L'odierno appellante ha chiesto la condanna al risarcimento del danno.

L'odierno appellante ha impugnato altresì l'articolo 4-bis, primo comma, lett. b), del Regolamento per la circolazione acquea sopra indicato, norma non espressamente indicata nell'originario oggetto, ma del tutto coincidente con quella impugnata e di cui all'art. 4, comma 11, e logicamente oggetto dell'originaria impugnazione.

2. Per la ricostruzione della vicenda si rinvia a quanto dedotto nel ricorso in appello dal sig. G., nei limiti rilevanti per la decisione del ricorso.

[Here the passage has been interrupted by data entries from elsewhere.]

lemma mono_comp:
  assumes a: "mono C a" and b: "mono C b" and ab: "cCod C a = cDom C b"
  shows "mono C (b \<cdot> a)"
  unfolding mono_def
proof (intro conjI ballI impI)
  have "a \<in> cAr C" "b \<in> cAr C" using a b unfolding mono_def by blast+
  then show "b \<cdot> a \<in> cAr C" using ab by simp
  fix g h assume g: "g \<in> cAr C" and h: "h \<in> cAr C"
    and "cCod C g = cDom C (b \<cdot> a) \<and> cCod C h = cDom C (b \<cdot> a) \<and> cDom C g = cDom C h \<and>
      (b \<cdot> a) \<cdot> g = (b \<cdot> a) \<cdot> h"
  then have types: "cCod C g = cDom C a" "cCod C h = cDom C a" "cDom C g = cDom C h"
    and eq: "(b \<cdot> a) \<cdot> g = (b \<cdot> a) \<cdot> h" using \<open>a \<in> cAr C\<close> \<open>b \<in> cAr C\<close> ab by auto
  have "b \<cdot> (a \<cdot> g) = b \<cdot> (a \<cdot> h)"
    using eq comp_assoc[of g a b] comp_assoc[of h a b] g h types ab \<open>a \<in> cAr C\<close> \<open>b \<in> cAr C\<close> by simp
  then have "a \<cdot> g = a \<cdot> h"
    by (rule mono_cancel[OF b, rotated -1]) (use g h types ab \<open>a \<in> cAr C\<close> in simp_all)
  then show "g = h" by (rule mono_cancel[OF a, rotated -1]) (use g h types in simp_all)
qed

lemma zero_obj_in_ob: "zero_obj C z \<Longrightarrow> z \<in> cOb C"
  unfolding zero_obj_def by blast

lemma arr_to_zero_unique:
  "zero_obj C z \<Longrightarrow> f \<in> cAr C \<Longrightarrow> g \<in> cAr C \<Longrightarrow> cDom C f = cDom C g \<Longrightarrow>
   cCod C f = z \<Longrightarrow> cCod C g = z \<Longrightarrow> f = g"
  unfolding zero_obj_def hom_def by (metis (mono_tags, lifting) dom_in_ob mem_Collect_eq)

lemma arr_from_zero_unique:
  "zero_obj C z \<Longrightarrow> f \<in> cAr C \<Longrightarrow> g \<in> cAr C \<Longrightarrow> cCod C f = cCod C g \<Longrightarrow>
   cDom C f = z \<Longrightarrow> cDom C g = z \<Longrightarrow> f = g"
  unfolding zero_obj_def hom_def by (metis (mono_tags, lifting) cod_in_ob mem_Collect_eq)

lemma arr_to_zero_exists:
  assumes "zero_obj C z" "a \<in> cOb C"
  obtains f where "f \<in> cAr C" "cDom C f = a" "cCod C f = z"
  using assms unfolding zero_obj_def hom_def by blast

lemma arr_from_zero_exists:
  assumes "zero_obj C z" "a \<in> cOb C"
  obtains f where "f \<in> cAr C" "cDom C f = z" "cCod C f = a"
  using assms unfolding zero_obj_def hom_def by blast

lemma zero_arrI:
  "zero_obj C z \<Longrightarrow> g \<in> cAr C \<Longrightarrow> h \<in> cAr C \<Longrightarrow> cCod C g = z \<Longrightarrow> cDom C h = z \<Longrightarrow> zero_arr C (h \<cdot> g)"
  unfolding zero_arr_def hom_def by auto

lemma zero_arrE:
  assumes "zero_arr C f"
  obtains z g h where "zero_obj C z" "g \<in> cAr C" "h \<in> cAr C" "cDom C g = cDom C f" "cCod C g = z"
    "cDom C h = z" "cCod C h = cCod C f" "h \<cdot> g = f"
  using assms unfolding zero_arr_def hom_def by auto

lemma zero_arr_in_arr [simp]: "zero_arr C f \<Longrightarrow> f \<in> cAr C"
  unfolding zero_arr_def by blast

lemma zero_arr_if_cod_zero_obj:
  assumes "zero_obj C z" "f \<in> cAr C" "cCod C f = z"
  shows "zero_arr C f"
proof -
  have "z \<in> cOb C" using assms(1) by (rule zero_obj_in_ob)
  then show ?thesis using zero_arrI[OF assms(1,2) id_in_arr[OF \<open>z \<in> cOb C\<close>]] assms by simp
qed

lemma zero_arr_unique:
  assumes "zero_arr C f" "zero_arr C f'" "cDom C f = cDom C f'" "cCod C f = cCod C f'"
  shows "f = f'"
proof -
  obtain z g h where f: "zero_obj C z" "g \<in> cAr C" "h \<in> cAr C" "cDom C g = cDom C f" "cCod C g = z"
    "cDom C h = z" "cCod C h = cCod C f" "h \<cdot> g = f" using assms(1) by (rule zero_arrE)
  obtain z' g' h' where f': "zero_obj C z'" "g' \<in> cAr C" "h' \<in> cAr C" "cDom C g' = cDom C f'"
    "cCod C g' = z'" "cDom C h' = z'" "cCod C h' = cCod C f'" "h' \<cdot> g' = f'" using assms(2) by (rule zero_arrE)
  obtain i where i: "i \<in> cAr C" "cDom C i = z" "cCod C i = z'"
    using arr_to_zero_exists[OF f'(1) zero_obj_in_ob[OF f(1)]] .
  have "g' = i \<cdot> g" by (rule arr_to_zero_unique[OF f'(1)]) (use f(1-7) f'(1-7) i assms(3) in simp_all)
  moreover have "h = h' \<cdot> i" by (rule arr_from_zero_unique[OF f(1)]) (use f(1-7) f'(1-7) i assms(4) in simp_all)
  ultimately have "h' \<cdot> g' = h \<cdot> g" using f f' i comp_assoc[of g i h'] by simp
  then show ?thesis using f(8) f'(8) by simp
qed

lemma zero_arr_exists:
  assumes "a \<in> cOb C" "b \<in> cOb C"
  obtains f where "zero_arr C f" "cDom C f = a" "cCod C f = b"
proof -
  obtain z where z: "zero_obj C z" using zero_obj_exists ..
  obtain g where "g \<in> cAr C" "cDom C g = a" "cCod C g = z" using arr_to_zero_exists[OF z assms(1)] .
  moreover obtain h where "h \<in> cAr C" "cDom C h = z" "cCod C h = b" using arr_from_zero_exists[OF z assms(2)] .
  ultimately show ?thesis using that[of "h \<cdot> g"] zero_arrI[OF z] by simp
qed

lemma zero_arr_comp_left:
  assumes "zero_arr C f" "g \<in> cAr C" "cCod C f = cDom C g"
  shows "zero_arr C (g \<cdot> f)"
proof -
  obtain z u v where f: "zero_obj C z" "u \<in> cAr C" "v \<in> cAr C" "cDom C u = cDom C f" "cCod C u = z"
    "cDom C v = z" "cCod C v = cCod C f" "v \<cdot> u = f" using assms(1) by (rule zero_arrE)
  then have "g \<cdot> f = (g \<cdot> v) \<cdot> u" using assms comp_assoc[of u v g] by simp
  then show ?thesis using zero_arrI[OF f(1,2), of "g \<cdot> v"] f assms by simp
qed

lemma zero_arr_comp_right:
  assumes "zero_arr C f" "g \<in> cAr C" "cCod C g = cDom C f"
  shows "zero_arr C (f \<cdot> g)"
proof -
  obtain z u v where f: "zero_obj C z" "u \<in> cAr C" "v \<in> cAr C" "cDom C u = cDom C f" "cCod C u = z"
    "cDom C v = z" "cCod C v = cCod C f" "v \<cdot> u = f" using assms(1) by (rule zero_arrE)
  then have "f \<cdot> g = v \<cdot> (u \<cdot> g)" using assms comp_assoc[of g u v] by simp
  then show ?thesis using zero_arrI[OF f(1) _ f(3), of "u \<cdot> g"] f assms by simp
qed

lemma mono_comp_zero_iff:
  assumes m: "mono C m" and y: "y \<in> cAr C" "cCod C y = cDom C m"
  shows "zero_arr C (m \<cdot> y) \<longleftrightarrow> zero_arr C y"
proof
  have "m \<in> cAr C" using m unfolding mono_def by blast
  obtain y0 where y0: "zero_arr C y0" "cDom C y0 = cDom C y" "cCod C y0 = cCod C y"
    by (meson zero_arr_exists dom_in_ob cod_in_ob y(1))
  assume "zero_arr C (m \<cdot> y)"
  then have "m \<cdot> y0 = m \<cdot> y"
    by (intro zero_arr_unique zero_arr_comp_left[OF y0(1) \<open>m \<in> cAr C\<close>]) (use y y0 \<open>m \<in> cAr C\<close> in simp_all)
  then have "y0 = y" by (rule mono_cancel[OF m, rotated -1]) (use y y0 in simp_all)
  then show "zero_arr C y" using y0 by simp
next
  assume "zero_arr C y"
  then show "zero_arr C (m \<cdot> y)" using zero_arr_comp_left m y unfolding mono_def by auto
qed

«Il sig. Andrea G., in data 1 maggio 2010, ha ottenuto dal Comune di Venezia il rilascio della concessione n. 40267 per l'occupazione di uno spazio acqueo in rio San Zan Degolà nel sestiere di Santa Croce. L'appellante è subentrato nella titolarità della concessione prima intestata alla madre, sig. Rossana R., a seguito di rinuncia della stessa, la quale già dal 5 settembre 2007 aveva ottenuto il titolo. Già allora la madre sig.ra R. precisava che l'uso del natante riferito allo spazio acqueo in questione veniva utilizzato dal figlio Andrea G.

Nella domanda di concessione del 5 ottobre 2009 veniva, altresì, indicato il tipo di imbarcazione, ovvero un tipico sandolo veneziano.

All'epoca della domanda ed al rilascio della concessione, le finestre del sig. A.», odierno appellato «risultavano con inferriate, così come, peraltro, si presentavano sin dal giugno 2007, epoca in cui la sig.ra Rossana R. otteneva la concessione.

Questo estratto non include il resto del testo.